I am hesitant to say I have/had an eating disorder because I don't really have all the emotional trauma that comes with it. If you ask me to explain what has been happening...I will literally tell you....my body seems to release a chemical when I eat telling me to get rid of it. I honestly do not know how anyone can eat lunch and NOT think about it for the entire day. I don't understand how people do not have the physical reaction/anxiety that I have!

Now, take that bit of information and add trail running. When I say I was exhausted...I am not exaggerating. I was heading out for runs twenty minutes after making myself sick. My injuries came from being so worn out at the end that I was just in a fog.  I was left with a body that  could no longer metabolize and absorb vitamins...ribs that were popped out of place....and hormone levels that were basically non-existent. I was a hot mess and no matter how much I mentally wanted to be out exploring, my body was sending me a pretty painful message that some things needed to be addressed first.

Like I said before, I am not your typical case...I had an amazing childhood and a support system that is second to none. I am very confident, and I think my friends will tell you that I am very outgoing. I make friends quickly and have always gotten what or who I have wanted (I totally don't mean to be a stuck up b*tch with that one....but just telling it how it is.) My problem was purely chemical and that is how my doctor approached it from the beginning. I had just become so naive that I thought my body would just physically adapt to my behaviors and running.

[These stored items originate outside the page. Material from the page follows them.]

section \<open>Operators dual to the monomial basis\<close>

lemma exists_is_diff_monomial_triangular:
  assumes "mdeg \<beta> \<le> k" and "q \<in> polyR n"
  shows "\<exists>P. is_diff n k P \<and>
    (\<forall>h. mdeg h \<le> mdeg \<beta> \<longrightarrow> P (Poly_Mapping.single h 1) = (if h = \<beta> then q else 0))"
proof -
  obtain L where L: "exp_of_vars L = \<beta>" using exp_of_vars_surj by blast
  then have len: "length L = mdeg \<beta>" using mdeg_exp_of_vars by metis
  define c where "c = partial_derivs_coeff L \<beta>"
  have "c \<noteq> 0" unfolding c_def using L partial_derivs_coeff_exp_of_vars by blast
  have "const_poly (1 / c) * q * const_poly c = const_poly (1 / c) * const_poly c * q"
    by (simp add: ac_simps)
  also have "\<dots> = q" using \<open>c \<noteq> 0\<close> by (simp add: const_poly_mult_const_poly)
  finally have scale: "const_poly (1 / c) * q * const_poly c = q" .
  define P where "P p = const_poly (1 / c) * q * partial_derivs L p" for p
  have "is_diff n k P"
    unfolding P_def using assms len
    by (intro is_diff_mult_left is_diff_mono[OF is_diff_partial_derivs])
       (simp_all add: polyR_mult polyR_const_poly)
  moreover have "P (Poly_Mapping.single h 1) = (if h = \<beta> then q else 0)" if "mdeg h \<le> mdeg \<beta>" for h
    using that len L scale unfolding P_def c_def by (simp add: partial_derivs_single_one)
  ultimately show ?thesis by blast
qed
(* Let $\delta\in(0,1)$ and let $f:G_\delta\to\mathbb{C}$ be a function. Suppose there are a Hilbert space $\mathcal{M}$, a unitary operator $U$ on $\mathcal{M}$ and a map $u:G_\delta\to\mathcal{M}$ (not assumed holomorphic) such that for all $\lambda,\mu\in G_\delta$, $$1-\overline{f(\mu)}f(\lambda)=\langle(1-\mu_U^*\lambda_U)u(\lambda),u(\mu)\rangle_{\mathcal{M}}.$$ Then $u$ is holomorphic on $G_\delta$.
   Context: $G_\delta=\{x+iy: x,y\in\mathbb{R},\ \frac{x^2}{(1+\delta)^2}+\frac{y^2}{(1-\delta)^2}<1\}$. For $\lambda\in G_\delta$ and a unitary $U$ on $\mathcal{M}$, $\lambda_U=(\delta U^*-\tfrac12\lambda)(1-\tfrac12\lambda U^* )^{-1}$. *)

theory Defs
  imports "HOL-Analysis.Analysis"
begin

text \<open>A complex Hilbert space
  is a type of class complex_inner that is also a complete_space.\<close>

class complex_inner = real_normed_vector +
  fixes scaleC :: "complex \<Rightarrow> 'a \<Rightarrow> 'a"
    and cinner :: "'a \<Rightarrow> 'a \<Rightarrow> complex"
  assumes scaleC_add_right: "scaleC a (x + y) = scaleC a x + scaleC a y"
    and scaleC_add_left: "scaleC (a + b) x = scaleC a x + scaleC b x"
    and scaleC_scaleC: "scaleC a (scaleC b x) = scaleC (a * b) x"
    and scaleC_one: "scaleC 1 x = x"
    and scaleC_of_real: "scaleC (complex_of_real r) x = scaleR r x"
    and cinner_add_left: "cinner (x + y) z = cinner x z + cinner y z"
    and cinner_scaleC_left: "cinner (scaleC a x) y = a * cinner x y"
    and cinner_commute: "cinner y x = cnj (cinner x y)"
    and cinner_self_norm: "cinner x x = complex_of_real ((norm x)\<^sup>2)"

Once my ribs got back in a neutral position (and yes...they were popped out while getting sick), my problem finally had to be addressed. Multiple tests were done and many different options were discussed. In the end I feel like I am on the best path I can be on. Yes, it includes quite a few hormones and isotonic vitamins...but it also has me more physically ready to take on the trails than I have ever been. Yes, I had to give up carbs...rice....grain...wheat and sugar....but my body seems to be running better without it. And yes...I cannot believe how much sh*t (and sugar) Americans put in their food! Gross!

About a month back I took to the trails for a light run and let me tell you....it is a totally different experience for me physically. I literally just kept going. My body was not wearing out. I was about to enjoy nature as one constant movement instead of multiple breaks. Still, I knew I had to give myself more time.

I have taken a break from running while I have allowed my body to get used to being "normal". I have changed...amazingly enough...for the better. I never thought I would get thinner by actually keeping food down...but turns out that is science :)

I am getting back out on the trails again. I am missing them so much and it has killed me to not make time for it. I didn't mean to drop off the face of the blog, but at the time I was not sure what I was dealing with...so I was hesitant to share anything. Now that I am feeling better...well...I am ready to take to it again! And of course, you are all invited along for the run! I would love to hear from you. I am a pretty transparent person, so if you have any questions for me...shoot! I will answer. I'm not scared ;) I am what I am...like nature...and when the time came...I did what I had to do to reach a "good balance".  I'm just sorry I did not share earlier...I never meant to make anyone feel like I no longer wanted to.

Oh...so you may have been wondering what I have been doing while not on the trails. I have been painting...and becoming a wine connoisseur...and accepting the fact that I will never be a Rob Krar or Kilian Jornet (who by the way....has a new movie out!!!!!) OH!! And I got a bike...and can now make a lot of things out of pallets. In the end, I think I have finally accepted that I will be that pale red head that runs by you while you are trying to have a peaceful hike. After you regain your vision (do to blindness) just keep going on your way. That is what I plan to do. And yes....WS100 is still an obsession of mine!

Look! I paint now! And I enjoy holding other peoples little babies in my hammock...because that is how I roll!